Abstract

In this paper, we propose a fast rendezvous algorithm for a heterogeneous cognitive radio network (CRN), where each user might have more than one radio. One of the well-known problems for most multiradio rendezvous algorithms in the literature is that they are not backward compatible to users with only one radio. To tackle this backward compatibility problem, our approach is a hierarchical construction that groups several time slots into an interval and proposes a novel algorithm to emulate two radios with a single radio in an interval. By doing so, at the interval level, each user behaves as if it had (at least) two radios. For the two-user rendezvous problem in a CRN with ${N}$ commonly labelled channels, the interval length is chosen to be ${M}$ time slots, where ${M=2\lceil \text {log}_{2} (\lceil \text {log}_{2} N \rceil)\rceil +7}$ . We show that the maximum time-to-rendezvous (MTTR) of our algorithm is bounded above by ${9 M \lceil n_{1}/m_{1} \rceil \cdot \lceil n_{2}/m_{2} \rceil }$ time slots, where ${n_{1}}$ (resp. ${n_{2}}$ ) is the number of available channels to user 1 (resp. 2), and ${m_{1}}$ (resp. ${m_{2}}$ ) is the number of radios for user 1 (resp. 2).
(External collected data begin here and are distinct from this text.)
lemma dominant_root_powi_eq_rho:
  assumes "0 < B" "cmod (X - dominant_root X (of_real B)) < cmod (dominant_root X (of_real B))"
  shows "dominant_root X (of_real B) powi m
    = of_real (B powr (real_of_int m / 2)) * rho (X / of_real (2 * sqrt B)) powi m"
proof -
  have "B powr (real_of_int m / 2) = (B powr (1/2)) powr real_of_int m" by (simp add: powr_powr)
  also have "\<dots> = sqrt B powi m" using assms by (simp add: powr_half_sqrt powr_real_of_int')
  finally show ?thesis
    using rho_eq_dominant_root[OF assms] assms(1) by (simp add: power_int_divide_distrib)
qed

theorem mainTheorem8:
  fixes c d r :: real and m :: int and x :: complex
  assumes "c > 0" and "d > 0" and "0 < r" and "r < 1"
    and "x \<notin> complex_of_real ` {-d..c}"
  shows "(\<lambda>p::nat. Phat c d (r powr (1 / real p)) x (nat (int p + m))
                 / Phat c d (r powr (1 / real p)) x p)
         \<longlonglongrightarrow> complex_of_real ((c * d * r * (1 - r)) powr (real_of_int m / 2))
             * (rho ((x - complex_of_real (r * (c - d)))
                      / complex_of_real (2 * sqrt (r * c * d * (1 - r))))) powi m"
proof -
  obtain g where "separated c d x g" using exists_separated assms(1,2,5) by blast
  then interpret separated c d x g .
  define X where "X = x - of_real (r * (c - d))"
  define B where "B = r * (1 - r) * c * d"
  have "((\<lambda>p. Phat c d (r powr (1 / real p)) x (nat (int p + m)) / Phat c d (r powr (1 / real p)) x p)
      \<longlonglongrightarrow> dominant_root X (of_real B) powi m)"
    unfolding X_def B_def using assms(3,4)
    by (intro Phat_shift_ratio_tendsto[where q = "\<lambda>p. r powr (1 / real p)" and r = r and s = r]
        tendsto_root_powr_one eventually_root_powr_bounds tendsto_root_powr_shift_power) auto
  moreover have "dominant_root X (of_real B) powi m
      = of_real (B powr (real_of_int m / 2)) * rho (X / of_real (2 * sqrt B)) powi m"
    using limit_root_gap[of r] g_pos assms(1-4)
    by (intro dominant_root_powi_eq_rho) (auto simp: X_def B_def)
  moreover have "c * d * r * (1 - r) = B" "r * c * d * (1 - r) = B" by (simp_all add: B_def)
  ultimately show ?thesis by (simp add: X_def)
qed

end
lemma zigzag_is_path:
  assumes dx: "distinct xs" and dy: "distinct ys" and dxy: "set xs \<inter> set ys = {}"
  shows "sorted_wrt cross_less cs \<Longrightarrow> \<forall>c\<in>set cs. chord_index E xs ys c \<Longrightarrow>
    odd (length cs) \<Longrightarrow> s \<le> fst (hd cs) \<Longrightarrow>
    is_path (H_verts xs ys) (H_adj E xs ys) (zigzag xs ys s cs)
    \<and> hd (zigzag xs ys s cs) = xs ! s \<and> last (zigzag xs ys s cs) = ys ! 0
    \<and> int (length (zigzag xs ys s cs)) = alt_sum (\<lambda>c. int (fst c + snd c)) cs - int s + int (length cs) + 1
    \<and> set (zigzag xs ys s cs) \<subseteq> set (drop s xs) \<union> set (take (Suc (snd (hd cs))) ys)"
proof (induction cs arbitrary: s rule: induct_list012)
  case 1
  then show ?case by simp
next
  case (2 c)
  obtain a b where c: "c = (a, b)" by force
  have ab: "a < length xs" "b < length ys" "s \<le> a" and ch: "chord_index E xs ys (a, b)"
    using "2.prems" by (auto simp: c chord_index_def)
  let ?X = "drop s (take (Suc a) xs)" and ?Y = "rev (take (Suc b) ys)"
  have "is_path (H_verts xs ys) (H_adj E xs ys) ?X"
    using is_path_H_segment_left[OF dx ab(3,1)] .
  moreover have "is_path (H_verts xs ys) (H_adj E xs ys) ?Y"
    using is_path_H_segment_right[OF dy _ ab(2), of 0] by simp
  moreover have "set ?X \<inter> set ?Y = {}"
    using dxy by (auto dest: in_set_dropD in_set_takeD)
  moreover have "H_adj E xs ys (last ?X) (hd ?Y)"
    using ab H_adj_chord_index[OF ch] by (simp add: last_take_Suc hd_rev)
  ultimately have "is_path (H_verts xs ys) (H_adj E xs ys) (?X @ ?Y)" by (rule is_path_append)
  moreover have "hd (?X @ ?Y) = xs ! s" using ab by (simp add: hd_drop_take)
  moreover have "last (?X @ ?Y) = ys ! 0" using ab by (cases ys) auto
  moreover have "set (?X @ ?Y) \<subseteq> set (drop s xs) \<union> set (take (Suc b) ys)"
    using set_drop_take_subset[of s "Suc a" xs] by auto
  ultimately show ?case using ab by (simp add: c)
next
  case (3 c d cs)
  obtain a b a' b' where cd: "c = (a, b)" "d = (a', b')" by force
  have ab: "s \<le> a" "a < a'" "b' < b" "a < length xs" "b < length ys"
    and ch: "chord_index E xs ys (a, b)" "chord_index E xs ys (a', b')"
    using "3.prems" by (auto simp: cd chord_index_def cross_less_def)
  have cs: "cs \<noteq> []" "a' \<le> fst (hd cs)" "snd (hd cs) < b'"
    using "3.prems" by (cases cs; auto simp: cd cross_less_def)+
  let ?X = "drop s (take (Suc a) xs)" and ?Y = "rev (drop b' (take (Suc b) ys))"
    and ?R = "zigzag xs ys a' cs"
  have R: "is_path (H_verts xs ys) (H_adj E xs ys) ?R" "hd ?R = xs ! a'" "last ?R = ys ! 0"
    "int (length ?R) = alt_sum (\<lambda>c. int (fst c + snd c)) cs - int a' + int (length cs) + 1"
    "set ?R \<subseteq> set (drop a' xs) \<union> set (take b' ys)"
    using "3.IH"(1)[of a'] "3.prems" cs set_take_subset_set_take[of "Suc (snd (hd cs))" b' ys]
    by (auto simp: cd)
  have "is_path (H_verts xs ys) (H_adj E xs ys) (?X @ ?Y @ ?R)"
    using ab by (intro zigzag_step_is_path[OF dx dy dxy _ _ _ _ ch R(1,2,5)]) auto
  moreover have "hd (?X @ ?Y @ ?R) = xs ! s" "last (?X @ ?Y @ ?R) = ys ! 0"
    using ab R(1,3) by (auto simp: hd_drop_take is_path_def)
  moreover have "set (?X @ ?Y @ ?R) \<subseteq> set (drop s xs) \<union> set (take (Suc b) ys)"
    using set_drop_take_subset[of s "Suc a" xs] set_drop_take_subset[of b' "Suc b" ys] R(5)
      set_drop_subset_set_drop[of s a' xs] set_take_subset_set_take[of b' "Suc b" ys] ab
    by auto
  ultimately show ?case using R(4) ab by (simp add: cd)
qed

corollary zigzag_from_top:
  assumes "distinct xs" "distinct ys" "set xs \<inter> set ys = {}" "xs \<noteq> []" "ys \<noteq> []"
    and "sorted_wrt cross_less cs" "\<forall>c\<in>set cs. chord_index E xs ys c" "odd (length cs)"
  shows "is_path (H_verts xs ys) (H_adj E xs ys) (zigzag xs ys 0 cs)
    \<and> hd (zigzag xs ys 0 cs) = hd xs \<and> last (zigzag xs ys 0 cs) = hd ys
    \<and> int (path_len (zigzag xs ys 0 cs)) = zigzag_value (\<lambda>c. int (fst c + snd c)) False cs"
proof -
  have "is_path (H_verts xs ys) (H_adj E xs ys) (zigzag xs ys 0 cs)
    \<and> hd (zigzag xs ys 0 cs) = xs ! 0 \<and> last (zigzag xs ys 0 cs) = ys ! 0
    \<and> int (length (zigzag xs ys 0 cs)) = alt_sum (\<lambda>c. int (fst c + snd c)) cs + int (length cs) + 1"
    using zigzag_is_path[OF assms(1-3,6-8), of 0] by simp
  moreover from this have "zigzag xs ys 0 cs \<noteq> []" by (simp add: is_path_def)
  ultimately show ?thesis
    using assms(4,5) by (auto simp: path_len_def zigzag_value_def hd_conv_nth of_nat_diff Suc_le_eq)
qed

section \<open>Interlacing chords as position pairs\<close>

lemma nth_pos:
  assumes "v \<in> set p"
  shows "pos p v < length p" "p ! pos p v = v"
proof -
  have "\<exists>i. i < length p \<and> p ! i = v" using assms by (auto simp: in_set_conv_nth)
  from LeastI_ex[OF this] show "pos p v < length p" "p ! pos p v = v" unfolding pos_def by auto
qed

lemma pos_inject: "u \<in> set p \<Longrightarrow> v \<in> set p \<Longrightarrow> pos p u = pos p v \<longleftrightarrow> u = v"
  by (metis nth_pos(2))

definition chord_pos :: "'a list \<Rightarrow> 'a list \<Rightarrow> 'a \<times> 'a \<Rightarrow> nat \<times> nat" where
  "chord_pos xs ys c = (pos xs (fst c), pos ys (snd c))"

lemma chord_index_chord_pos: "is_chord E xs ys c \<Longrightarrow> chord_index E xs ys (chord_pos xs ys c)"
  unfolding is_chord_def chord_index_def chord_pos_def by (simp add: nth_pos)

lemma chord_length_chord_pos: "chord_length xs ys c = fst (chord_pos xs ys c) + snd (chord_pos xs ys c)"
  by (simp add: chord_length_def chord_pos_def)

lemma interlacing_cross_less:
  assumes "is_chord E xs ys c1" "is_chord E xs ys c2" "interlacing xs ys c1 c2"
  shows "cross_less (chord_pos xs ys c1) (chord_pos xs ys c2)
    \<or> cross_less (chord_pos xs ys c2) (chord_pos xs ys c1)"
proof -
  have "fst c1 \<in> set xs" "fst c2 \<in> set xs" "snd c1 \<in> set ys" "snd c2 \<in> set ys"
    using assms(1,2) by (auto simp: is_chord_def)
  then have "pos xs (fst c1) \<noteq> pos xs (fst c2)" "pos ys (snd c1) \<noteq> pos ys (snd c2)"
    and "\<not> (pos xs (fst c1) < pos xs (fst c2) \<and> pos ys (snd c1) < pos ys (snd c2))"
    and "\<not> (pos xs (fst c2) < pos xs (fst c1) \<and> pos ys (snd c2) < pos ys (snd c1))"
    using assms(3) by (auto simp: interlacing_def Defs.parallel_def above_def pos_inject)
  then show ?thesis by (auto simp: cross_less_def chord_pos_def)
qed

lemma sorted_list_of_set_cross_less:
  fixes K :: "(nat \<times> nat) set"
  assumes "\<forall>c\<in>K. \<forall>d\<in>K. c \<noteq> d \<longrightarrow> cross_less c d \<or> cross_less d c"
  shows "sorted_wrt cross_less (sorted_list_of_set K)"
proof (rule sorted_wrt_mono_rel[OF _ strict_sorted_list_of_set])
  fix c d assume "c \<in> set (sorted_list_of_set K)" "d \<in> set (sorted_list_of_set K)" "c < d"
  then have "cross_less c d \<or> cross_less d c"
    using assms by (cases "finite K") auto
  with \<open>c < d\<close> show "cross_less c d" by (auto simp: cross_less_def less_prod_def)
qed

lemma interlacing_chords_sorted_positions:
  assumes "finite C" "\<forall>c\<in>C. is_chord E xs ys c"
    and "\<forall>c1\<in>C. \<forall>c2\<in>C. c1 \<noteq> c2 \<longrightarrow> interlacing xs ys c1 c2"
  obtains ks where "sorted_wrt cross_less ks" "length ks = card C" "set ks = chord_pos xs ys ` C"
proof
  let ?ks = "sorted_list_of_set (chord_pos xs ys ` C)"
  have cross: "cross_less (chord_pos xs ys c1) (chord_pos xs ys c2)
      \<or> cross_less (chord_pos xs ys c2) (chord_pos xs ys c1)"
    if "c1 \<in> C" "c2 \<in> C" "c1 \<noteq> c2" for c1 c2
    using interlacing_cross_less assms(2,3) that by blast
  then show "sorted_wrt cross_less ?ks"
    by (intro sorted_list_of_set_cross_less) blast
  have "inj_on (chord_pos xs ys) C"
  proof (rule inj_onI, rule ccontr)
    fix c1 c2 assume "c1 \<in> C" "c2 \<in> C" "chord_pos xs ys c1 = chord_pos xs ys c2" "c1 \<noteq> c2"
    then show False using cross[of c1 c2] by (simp add: cross_less_def)
  qed
  then show "length ?ks = card C" by (simp add: card_image)
  show "set ?ks = chord_pos xs ys ` C" using assms(1) by simp
qed

lemma growth_from_increments:
  fixes f :: "nat \<Rightarrow> nat"
  assumes "\<And>i. 1 \<le> i \<Longrightarrow> i < n \<Longrightarrow> f i < f (Suc i)" "1 \<le> n"
  shows "f 1 + n - 1 \<le> f n"
  using assms
proof (induction n)
  case (Suc n)
  show ?case
  proof (cases "n = 0")
    case False
    then have "f 1 + n - 1 \<le> f n" "f n < f (Suc n)" using Suc by auto
    then show ?thesis by linarith
  qed simp
qed simp

theorem lemma4p4:
  fixes V :: "'a set" and E :: "'a \<Rightarrow> 'a \<Rightarrow> bool" and xs ys :: "'a list"
    and C :: "('a \<times> 'a) set" and t D :: nat
  assumes "graph V E"
    and "section_pair V E xs ys"
    and "t \<ge> 1" and "D \<ge> 1"
    and "finite C" and "card C = 3 * t"
    and "\<forall>c\<in>C. is_chord E xs ys c"
    and "\<forall>c1\<in>C. \<forall>c2\<in>C. c1 \<noteq> c2 \<longrightarrow> interlacing xs ys c1 c2"
    and "\<exists>a. \<forall>c\<in>C. chord_length xs ys c \<in> {a..<a + D}"
  shows "\<exists>P :: nat \<Rightarrow> 'a list.
           (\<forall>i\<in>{1..t}. is_path (H_verts xs ys) (H_adj E xs ys) (P i)
                         \<and> hd (P i) = hd xs \<and> last (P i) = hd ys)
         \<and> (\<forall>i\<in>{1..<t}. 1 \<le> int (path_len (P (Suc i))) - int (path_len (P i))
                        \<and> int (path_len (P (Suc i))) - int (path_len (P i)) \<le> 2 * int D)
         \<and> path_len (P t) \<ge> path_len (P 1) + t - 1"
proof -
  let ?w = "\<lambda>c. int (fst c + snd c)"
  have xy: "distinct xs" "distinct ys" "set xs \<inter> set ys = {}" "xs \<noteq> []" "ys \<noteq> []"
    using assms(2) by (auto simp: section_pair_def is_path_def)
  obtain ks where ks: "sorted_wrt cross_less ks" "length ks = 3 * t" "set ks = chord_pos xs ys ` C"
    using interlacing_chords_sorted_positions[OF assms(5,7,8)] assms(6) by metis
  obtain \<alpha> where "\<forall>c\<in>C. chord_length xs ys c \<in> {\<alpha>..<\<alpha> + D}" using assms(9) by blast
  then have "\<forall>c\<in>set ks. ?w c \<in> {int \<alpha>..<int \<alpha> + int D}"
    by (auto simp: ks(3) chord_length_chord_pos)
  moreover have "3 * (t - 1) + 1 \<le> length ks" using ks(2) assms(3) by simp
  ultimately obtain Q where Q: "\<forall>m\<le>t - 1. subseq (Q m) ks \<and> odd (length (Q m))"
    "\<forall>m<t - 1. 1 \<le> zigzag_value ?w False (Q (Suc m)) - zigzag_value ?w False (Q m)
       \<and> zigzag_value ?w False (Q (Suc m)) - zigzag_value ?w False (Q m) \<le> 2 * int D"
    using zigzag_values_increasing[of "t - 1" ks ?w "int \<alpha>" D False] by auto
  define P where "P i = zigzag xs ys 0 (Q (i - 1))" for i
  have P: "is_path (H_verts xs ys) (H_adj E xs ys) (P i) \<and> hd (P i) = hd xs \<and> last (P i) = hd ys
      \<and> int (path_len (P i)) = zigzag_value ?w False (Q (i - 1))" if "i \<in> {1..t}" for i
  proof -
    have "subseq (Q (i - 1)) ks" "odd (length (Q (i - 1)))" using that Q(1) by auto
    moreover from this have "\<forall>c\<in>set (Q (i - 1)). chord_index E xs ys c"
      using ks(3) chord_index_chord_pos assms(7) by (fastforce dest: set_mono_subseq)
    ultimately show ?thesis
      unfolding P_def using ks(1) by (intro zigzag_from_top xy) (auto dest: sorted_wrt_subseq)
  qed
  have steps: "1 \<le> int (path_len (P (Suc i))) - int (path_len (P i))
      \<and> int (path_len (P (Suc i))) - int (path_len (P i)) \<le> 2 * int D" if "i \<in> {1..<t}" for i
    using P[of i] P[of "Suc i"] Q(2)[rule_format, of "i - 1"] that by auto
  have "path_len (P 1) + t - 1 \<le> path_len (P t)"
    using growth_from_increments[of t "\<lambda>i. path_len (P i)"] steps assms(3) by force
  with P steps show ?thesis by blast
qed

end
(* Let $\Pi$ be a VIC program and let $S_1,S_2$ be states of $\Pi$ that differ only in the choice of player $p$ (i.e. $S_1(p')=S_2(p')$ for $p'\neq p$ and $S_1(p)\neq S_2(p)$). Then for every player $\hat p$: (1) $u(S_1,\hat p,S_1(p))\ge u(S_2,\hat p,S_1(p))$; (2) $u(S_1,\hat p,S_2(p))\le u(S_2,\hat p,S_2(p))$; (3) for every $j\in Q\setminus\{S_1(p),S_2(p)\}$, $u(S_1,\hat p,j)=u(S_2,\hat p,j)$.
   Context: A cGAP $\Pi$ is a finite set of annotated rules $A_0:f(\mu_1,\dots,\mu_n)\leftarrow A_1:\mu_1,\dots,A_n:\mu_n$ (annotation functions $f$ fixed maps $[0,1]^n\to[0,1]$; atoms built from unary vertex and binary edge predicates over vertex constants) plus exactly one vertex choice (VC) rule $b_1(X),\dots,b_m(X)\hookleftarrow a_1(X),\dots,a_m(X)$. $\mathcal{MM}(P)$ denotes the unique minimal model (interpretations map ground atoms to $[0,1]$, ordered pointwise) of a GAP $P$. Each vertex $v$ is a player $\mathcal P_v$ with actions $Q=\{1,\dots,m\}$; a state is a map $S$ from players to $Q$; $\Pi_S$ is the ground GAP obtained from the grounding of $\Pi$ by replacing each ground VC-rule instance for vertex $v$ with $b_i(v):\mu\leftarrow a_i(v):\mu$ where $i=S(\mathcal P_v)$ and keeping all ground non-VC rules. The utility is $u(S,\mathcal P_v,i)=\mathcal{MM}(\Pi_S)(a_i(v))$. Dependency graph $\mathcal G(\Pi)$: vertices are the vertex predicate symbols; there is an edge $(p_2,p_1)$ iff $p_2$ occurs in the body and $p_1$ in the head of some annotated rule, or $p_2=a_i$ and $p_1=b_i$ for some $i$ in the VC rule. $\Pi$ is a vertex independent choice (VIC) program iff (1) no predicate $b_j$ of the VC-rule head appears in the head of an annotated rule, and (2) for all $i\neq j$ there is no path in $\mathcal G(\Pi)$ from $b_j$ to $a_i$. *)

theory Defs
  imports Main "HOL.Real"
begin
(* Let $S\subset\mathbb{R}^n$ be porous in $\mathbb{R}^n$ and let $1\le p<\infty$. Then there is a constant $c$ (independent of $x$ and $r$) such that for every $x\in S$ and every $0<r\le 1$, \[ \int_{B^n(x,r)}\left|\log\frac{1}{\operatorname{dist}(y,S)}\right|^p\,dy\le c\,r^n\left(1+\log^p\frac1r\right). \]
   Context: A set $S\subset\mathbb{R}^n$ is porous in $\mathbb{R}^n$ if there is $\kappa\in(0,1]$ such that for every $x\in\mathbb{R}^n$ and every $0<r\le1$ there is $y\in B^n(x,r)$ with $B^n(y,\kappa r)\cap S=\emptyset$. $B^n(x,r)$ is the open ball of radius $r$ centered at $x$. *)

theory Defs
  imports "HOL-Analysis.Analysis"
begin

definition porous :: "'a::euclidean_space set \<Rightarrow> bool" where
  "porous S \<longleftrightarrow> (\<exists>\<kappa>::real. 0 < \<kappa> \<and> \<kappa> \<le> 1 \<and>
     (\<forall>x r. 0 < r \<and> r \<le> 1 \<longrightarrow> (\<exists>y\<in>ball x r. ball y (\<kappa> * r) \<inter> S = {})))"

end

theory Submission
  imports Defs
begin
For the setting that each user is equipped with only one radio and two available channels, our MTTR bound is only ${M}$ and that improves the state-of-the-art bound $16(\lceil \log _{2} \log _{2} N \rceil +1)$ in the literature. By conducting extensive simulations, we show that for the expected time-to-rendezvous, our algorithm is also better than several existing multiradio algorithms.